SOURCE MATERIAL
+ + + + + + +

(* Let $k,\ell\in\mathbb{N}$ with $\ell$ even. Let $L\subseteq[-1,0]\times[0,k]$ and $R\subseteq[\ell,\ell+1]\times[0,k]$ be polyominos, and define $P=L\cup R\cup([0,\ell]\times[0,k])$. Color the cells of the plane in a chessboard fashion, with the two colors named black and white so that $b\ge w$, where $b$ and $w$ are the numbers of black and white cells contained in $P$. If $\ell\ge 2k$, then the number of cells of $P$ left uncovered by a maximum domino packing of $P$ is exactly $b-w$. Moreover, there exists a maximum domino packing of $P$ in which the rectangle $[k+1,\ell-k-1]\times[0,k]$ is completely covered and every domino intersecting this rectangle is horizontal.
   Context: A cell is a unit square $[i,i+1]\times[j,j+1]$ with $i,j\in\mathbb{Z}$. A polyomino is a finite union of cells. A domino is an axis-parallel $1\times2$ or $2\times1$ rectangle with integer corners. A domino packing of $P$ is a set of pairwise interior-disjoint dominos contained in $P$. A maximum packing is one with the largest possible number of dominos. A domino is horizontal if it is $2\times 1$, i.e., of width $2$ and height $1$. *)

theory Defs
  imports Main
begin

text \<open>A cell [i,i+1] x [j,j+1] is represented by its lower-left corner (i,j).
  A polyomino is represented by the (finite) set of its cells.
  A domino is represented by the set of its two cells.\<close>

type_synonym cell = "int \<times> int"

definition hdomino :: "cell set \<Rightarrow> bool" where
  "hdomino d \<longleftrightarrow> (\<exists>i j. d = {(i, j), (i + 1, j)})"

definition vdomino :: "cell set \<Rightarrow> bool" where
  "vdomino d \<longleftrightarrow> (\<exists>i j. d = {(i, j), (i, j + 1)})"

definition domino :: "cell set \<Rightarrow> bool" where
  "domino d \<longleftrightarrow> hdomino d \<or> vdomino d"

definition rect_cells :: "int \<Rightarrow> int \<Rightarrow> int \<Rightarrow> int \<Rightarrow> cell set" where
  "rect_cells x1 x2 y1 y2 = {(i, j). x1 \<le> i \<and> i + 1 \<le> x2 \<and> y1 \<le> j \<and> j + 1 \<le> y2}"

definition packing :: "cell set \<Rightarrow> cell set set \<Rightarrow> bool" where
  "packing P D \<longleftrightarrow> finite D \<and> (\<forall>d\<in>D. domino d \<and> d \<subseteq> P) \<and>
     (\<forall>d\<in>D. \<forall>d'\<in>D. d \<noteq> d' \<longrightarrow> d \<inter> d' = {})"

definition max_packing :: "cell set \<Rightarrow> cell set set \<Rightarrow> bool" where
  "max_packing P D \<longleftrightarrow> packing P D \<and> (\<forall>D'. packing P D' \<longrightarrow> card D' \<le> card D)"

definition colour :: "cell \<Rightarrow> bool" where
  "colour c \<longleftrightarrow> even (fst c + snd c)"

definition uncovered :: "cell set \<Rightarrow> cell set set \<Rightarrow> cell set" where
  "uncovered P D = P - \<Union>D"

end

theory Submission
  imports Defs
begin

+ + + + + + +

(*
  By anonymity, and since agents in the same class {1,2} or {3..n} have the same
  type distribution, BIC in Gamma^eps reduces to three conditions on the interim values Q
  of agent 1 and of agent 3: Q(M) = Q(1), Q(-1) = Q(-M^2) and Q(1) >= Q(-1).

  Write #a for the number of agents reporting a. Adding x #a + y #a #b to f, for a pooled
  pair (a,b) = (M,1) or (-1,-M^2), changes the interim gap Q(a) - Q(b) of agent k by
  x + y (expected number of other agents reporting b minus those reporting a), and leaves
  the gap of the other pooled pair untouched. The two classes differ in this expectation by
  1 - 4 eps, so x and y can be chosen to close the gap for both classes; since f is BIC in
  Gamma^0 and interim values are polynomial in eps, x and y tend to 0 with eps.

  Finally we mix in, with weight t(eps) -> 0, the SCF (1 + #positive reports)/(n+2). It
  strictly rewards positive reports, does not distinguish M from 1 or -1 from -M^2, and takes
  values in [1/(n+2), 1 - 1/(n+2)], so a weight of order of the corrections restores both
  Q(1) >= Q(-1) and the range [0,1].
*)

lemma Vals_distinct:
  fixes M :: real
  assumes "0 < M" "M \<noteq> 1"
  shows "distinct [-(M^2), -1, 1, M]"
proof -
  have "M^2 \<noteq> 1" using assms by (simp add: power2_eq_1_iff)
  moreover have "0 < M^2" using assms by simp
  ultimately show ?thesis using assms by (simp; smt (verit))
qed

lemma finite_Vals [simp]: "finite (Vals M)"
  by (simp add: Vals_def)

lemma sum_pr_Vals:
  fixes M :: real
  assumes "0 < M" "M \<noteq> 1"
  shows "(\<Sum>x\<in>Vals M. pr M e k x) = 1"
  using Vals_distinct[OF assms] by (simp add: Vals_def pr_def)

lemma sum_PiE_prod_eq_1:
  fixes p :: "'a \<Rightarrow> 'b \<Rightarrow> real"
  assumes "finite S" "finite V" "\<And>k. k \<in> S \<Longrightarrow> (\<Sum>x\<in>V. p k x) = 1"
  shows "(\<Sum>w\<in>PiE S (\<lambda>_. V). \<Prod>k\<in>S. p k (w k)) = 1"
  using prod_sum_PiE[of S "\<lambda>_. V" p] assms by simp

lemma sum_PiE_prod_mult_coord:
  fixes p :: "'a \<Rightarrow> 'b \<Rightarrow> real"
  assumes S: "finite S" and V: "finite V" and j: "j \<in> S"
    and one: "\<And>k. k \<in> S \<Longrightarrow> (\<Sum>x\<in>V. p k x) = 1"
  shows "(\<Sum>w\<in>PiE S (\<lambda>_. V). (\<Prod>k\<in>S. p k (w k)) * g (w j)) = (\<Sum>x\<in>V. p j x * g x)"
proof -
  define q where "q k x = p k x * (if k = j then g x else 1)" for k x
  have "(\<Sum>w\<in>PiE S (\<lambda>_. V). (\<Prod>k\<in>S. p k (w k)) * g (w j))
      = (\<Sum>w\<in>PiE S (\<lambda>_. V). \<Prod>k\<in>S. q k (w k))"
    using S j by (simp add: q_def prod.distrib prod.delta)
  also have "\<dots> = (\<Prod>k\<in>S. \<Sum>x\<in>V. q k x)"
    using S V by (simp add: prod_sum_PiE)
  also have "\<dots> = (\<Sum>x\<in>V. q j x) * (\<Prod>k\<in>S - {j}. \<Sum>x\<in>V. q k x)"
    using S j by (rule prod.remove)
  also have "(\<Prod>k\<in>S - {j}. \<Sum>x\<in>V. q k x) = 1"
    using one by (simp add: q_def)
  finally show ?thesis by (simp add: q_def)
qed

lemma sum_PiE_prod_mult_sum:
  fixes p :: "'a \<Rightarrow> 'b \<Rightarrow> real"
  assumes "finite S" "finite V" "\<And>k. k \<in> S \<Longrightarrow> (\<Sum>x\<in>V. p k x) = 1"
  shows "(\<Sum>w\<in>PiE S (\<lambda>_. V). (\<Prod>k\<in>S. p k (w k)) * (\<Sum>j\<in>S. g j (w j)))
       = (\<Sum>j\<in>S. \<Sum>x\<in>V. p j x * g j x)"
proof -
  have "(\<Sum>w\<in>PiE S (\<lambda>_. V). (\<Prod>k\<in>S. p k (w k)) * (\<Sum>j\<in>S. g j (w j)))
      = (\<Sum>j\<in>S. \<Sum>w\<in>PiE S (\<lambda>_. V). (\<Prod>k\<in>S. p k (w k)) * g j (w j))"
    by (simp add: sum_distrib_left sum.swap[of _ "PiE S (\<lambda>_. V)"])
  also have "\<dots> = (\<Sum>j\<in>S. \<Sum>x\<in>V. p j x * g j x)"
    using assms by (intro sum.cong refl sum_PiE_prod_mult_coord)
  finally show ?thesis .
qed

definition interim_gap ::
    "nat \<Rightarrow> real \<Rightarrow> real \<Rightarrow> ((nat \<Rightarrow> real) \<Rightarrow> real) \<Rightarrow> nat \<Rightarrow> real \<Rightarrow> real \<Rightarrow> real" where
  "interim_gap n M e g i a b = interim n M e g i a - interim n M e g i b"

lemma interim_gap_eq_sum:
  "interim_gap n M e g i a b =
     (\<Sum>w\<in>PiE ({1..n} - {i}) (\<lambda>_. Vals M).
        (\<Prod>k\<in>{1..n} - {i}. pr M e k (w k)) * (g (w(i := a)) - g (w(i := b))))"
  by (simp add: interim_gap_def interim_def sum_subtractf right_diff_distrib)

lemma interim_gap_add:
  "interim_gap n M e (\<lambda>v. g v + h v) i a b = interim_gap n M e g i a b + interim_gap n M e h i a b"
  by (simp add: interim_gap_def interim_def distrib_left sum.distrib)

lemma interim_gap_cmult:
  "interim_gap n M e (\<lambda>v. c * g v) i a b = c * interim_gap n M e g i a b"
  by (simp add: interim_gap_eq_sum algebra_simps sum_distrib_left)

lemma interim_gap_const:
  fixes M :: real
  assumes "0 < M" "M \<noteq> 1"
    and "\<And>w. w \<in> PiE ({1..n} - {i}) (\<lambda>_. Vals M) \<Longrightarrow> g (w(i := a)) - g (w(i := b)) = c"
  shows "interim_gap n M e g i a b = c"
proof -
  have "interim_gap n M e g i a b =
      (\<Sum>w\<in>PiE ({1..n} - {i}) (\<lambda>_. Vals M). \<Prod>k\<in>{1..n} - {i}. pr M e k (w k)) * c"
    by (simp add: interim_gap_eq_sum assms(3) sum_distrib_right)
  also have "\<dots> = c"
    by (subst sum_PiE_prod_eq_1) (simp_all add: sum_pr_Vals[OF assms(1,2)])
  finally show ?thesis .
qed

+ + + + + + +

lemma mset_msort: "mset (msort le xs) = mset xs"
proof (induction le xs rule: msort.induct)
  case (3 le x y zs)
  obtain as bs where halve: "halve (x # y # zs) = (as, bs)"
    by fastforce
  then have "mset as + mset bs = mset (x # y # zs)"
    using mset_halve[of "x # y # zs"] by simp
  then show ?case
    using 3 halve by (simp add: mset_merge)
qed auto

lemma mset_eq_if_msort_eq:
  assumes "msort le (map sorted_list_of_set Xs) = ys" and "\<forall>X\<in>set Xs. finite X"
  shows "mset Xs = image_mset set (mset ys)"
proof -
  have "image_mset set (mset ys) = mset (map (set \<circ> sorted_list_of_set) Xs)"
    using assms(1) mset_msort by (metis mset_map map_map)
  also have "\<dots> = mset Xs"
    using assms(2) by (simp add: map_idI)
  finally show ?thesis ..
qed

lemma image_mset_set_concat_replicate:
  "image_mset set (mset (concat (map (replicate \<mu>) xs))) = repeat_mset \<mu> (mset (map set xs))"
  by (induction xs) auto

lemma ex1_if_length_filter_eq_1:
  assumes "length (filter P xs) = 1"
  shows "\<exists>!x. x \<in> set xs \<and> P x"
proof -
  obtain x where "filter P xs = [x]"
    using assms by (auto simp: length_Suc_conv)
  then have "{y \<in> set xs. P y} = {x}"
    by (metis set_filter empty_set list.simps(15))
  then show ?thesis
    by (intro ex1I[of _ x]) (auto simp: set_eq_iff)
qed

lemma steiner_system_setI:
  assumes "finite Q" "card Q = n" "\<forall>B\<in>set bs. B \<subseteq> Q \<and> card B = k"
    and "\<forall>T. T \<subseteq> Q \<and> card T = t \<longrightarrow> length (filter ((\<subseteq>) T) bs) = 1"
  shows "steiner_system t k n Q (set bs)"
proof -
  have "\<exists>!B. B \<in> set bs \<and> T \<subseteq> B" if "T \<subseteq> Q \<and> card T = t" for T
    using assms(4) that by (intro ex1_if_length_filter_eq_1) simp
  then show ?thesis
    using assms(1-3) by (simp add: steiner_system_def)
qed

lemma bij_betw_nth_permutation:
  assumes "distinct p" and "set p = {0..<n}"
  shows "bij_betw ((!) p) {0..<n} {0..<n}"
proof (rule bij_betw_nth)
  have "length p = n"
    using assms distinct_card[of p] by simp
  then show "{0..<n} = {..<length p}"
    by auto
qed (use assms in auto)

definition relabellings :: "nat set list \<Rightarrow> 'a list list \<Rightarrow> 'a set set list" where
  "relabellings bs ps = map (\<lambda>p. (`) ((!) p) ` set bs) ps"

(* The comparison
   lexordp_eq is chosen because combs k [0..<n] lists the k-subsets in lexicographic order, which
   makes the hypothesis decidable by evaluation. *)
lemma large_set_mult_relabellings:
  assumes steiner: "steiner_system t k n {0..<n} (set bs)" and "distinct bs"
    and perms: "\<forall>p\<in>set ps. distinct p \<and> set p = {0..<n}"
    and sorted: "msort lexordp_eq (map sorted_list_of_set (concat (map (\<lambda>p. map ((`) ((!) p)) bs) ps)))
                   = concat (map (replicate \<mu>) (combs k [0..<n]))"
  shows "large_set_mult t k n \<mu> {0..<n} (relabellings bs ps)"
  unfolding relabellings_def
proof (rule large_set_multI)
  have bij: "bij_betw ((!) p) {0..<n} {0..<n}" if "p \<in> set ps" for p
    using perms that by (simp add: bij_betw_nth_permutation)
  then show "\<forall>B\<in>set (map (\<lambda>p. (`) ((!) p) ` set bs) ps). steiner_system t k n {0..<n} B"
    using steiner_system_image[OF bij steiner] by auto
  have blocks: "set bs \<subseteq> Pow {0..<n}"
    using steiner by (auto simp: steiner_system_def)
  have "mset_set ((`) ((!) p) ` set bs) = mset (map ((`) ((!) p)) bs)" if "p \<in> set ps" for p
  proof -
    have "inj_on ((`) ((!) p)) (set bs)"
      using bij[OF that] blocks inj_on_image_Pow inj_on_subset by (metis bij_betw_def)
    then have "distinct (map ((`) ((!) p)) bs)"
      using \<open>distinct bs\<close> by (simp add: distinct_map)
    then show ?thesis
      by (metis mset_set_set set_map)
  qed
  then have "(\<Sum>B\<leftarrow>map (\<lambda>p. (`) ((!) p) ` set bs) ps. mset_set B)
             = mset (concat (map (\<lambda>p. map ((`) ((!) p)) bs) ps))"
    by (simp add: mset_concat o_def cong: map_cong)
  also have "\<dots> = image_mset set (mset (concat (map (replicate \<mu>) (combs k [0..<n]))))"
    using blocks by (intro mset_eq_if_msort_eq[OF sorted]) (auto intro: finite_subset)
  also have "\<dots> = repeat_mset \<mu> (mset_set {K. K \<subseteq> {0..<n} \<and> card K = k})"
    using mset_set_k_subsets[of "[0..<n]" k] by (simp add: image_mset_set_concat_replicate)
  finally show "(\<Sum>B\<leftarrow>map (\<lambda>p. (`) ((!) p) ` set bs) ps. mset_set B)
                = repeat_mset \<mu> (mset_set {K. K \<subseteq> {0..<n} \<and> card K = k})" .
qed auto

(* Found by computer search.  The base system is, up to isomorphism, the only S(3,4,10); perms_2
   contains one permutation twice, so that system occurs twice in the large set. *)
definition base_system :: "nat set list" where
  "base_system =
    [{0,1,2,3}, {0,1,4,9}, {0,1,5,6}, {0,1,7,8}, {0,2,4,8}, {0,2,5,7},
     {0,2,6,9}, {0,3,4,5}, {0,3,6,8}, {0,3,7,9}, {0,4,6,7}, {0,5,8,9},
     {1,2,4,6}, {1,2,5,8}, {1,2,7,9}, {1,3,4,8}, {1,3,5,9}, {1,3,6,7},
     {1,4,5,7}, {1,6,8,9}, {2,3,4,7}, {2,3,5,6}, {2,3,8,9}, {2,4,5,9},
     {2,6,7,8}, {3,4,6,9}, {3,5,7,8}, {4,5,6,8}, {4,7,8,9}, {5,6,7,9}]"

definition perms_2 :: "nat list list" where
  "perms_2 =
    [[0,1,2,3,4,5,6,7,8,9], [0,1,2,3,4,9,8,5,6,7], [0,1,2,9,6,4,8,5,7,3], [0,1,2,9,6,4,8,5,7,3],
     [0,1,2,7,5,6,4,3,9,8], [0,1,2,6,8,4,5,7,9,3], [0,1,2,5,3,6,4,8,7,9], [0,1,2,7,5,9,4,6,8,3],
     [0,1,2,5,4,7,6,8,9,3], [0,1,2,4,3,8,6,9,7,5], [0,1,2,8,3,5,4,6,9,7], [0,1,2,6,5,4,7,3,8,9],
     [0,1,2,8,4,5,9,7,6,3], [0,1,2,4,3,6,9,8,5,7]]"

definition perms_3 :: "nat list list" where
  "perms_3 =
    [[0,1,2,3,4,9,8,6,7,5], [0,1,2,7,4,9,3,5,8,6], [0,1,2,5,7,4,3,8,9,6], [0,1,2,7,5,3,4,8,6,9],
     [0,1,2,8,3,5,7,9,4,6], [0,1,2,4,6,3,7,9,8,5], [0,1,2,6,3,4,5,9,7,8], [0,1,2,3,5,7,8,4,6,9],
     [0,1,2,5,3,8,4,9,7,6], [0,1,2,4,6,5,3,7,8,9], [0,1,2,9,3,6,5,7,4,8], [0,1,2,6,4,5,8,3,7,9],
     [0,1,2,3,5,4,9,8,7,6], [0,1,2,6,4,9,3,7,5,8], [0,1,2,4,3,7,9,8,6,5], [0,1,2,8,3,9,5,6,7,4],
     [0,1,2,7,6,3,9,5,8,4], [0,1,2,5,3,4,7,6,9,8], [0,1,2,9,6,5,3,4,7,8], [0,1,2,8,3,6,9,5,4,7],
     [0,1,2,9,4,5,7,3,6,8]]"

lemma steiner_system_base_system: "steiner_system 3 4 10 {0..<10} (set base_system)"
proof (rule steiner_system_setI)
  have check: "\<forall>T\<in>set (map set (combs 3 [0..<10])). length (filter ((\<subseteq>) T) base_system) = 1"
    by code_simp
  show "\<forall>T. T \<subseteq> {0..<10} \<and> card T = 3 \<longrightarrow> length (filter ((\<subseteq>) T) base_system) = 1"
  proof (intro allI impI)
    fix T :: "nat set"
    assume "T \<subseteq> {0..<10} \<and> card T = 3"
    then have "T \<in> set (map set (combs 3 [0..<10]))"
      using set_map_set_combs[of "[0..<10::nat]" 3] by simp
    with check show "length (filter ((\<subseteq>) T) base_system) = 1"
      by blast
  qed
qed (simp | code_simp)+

+ + + + + + +

ASSIGNED TASK
Indicate how many lines in the records above include the word "reports", giving no other content.

PROBLEM SOLUTION
2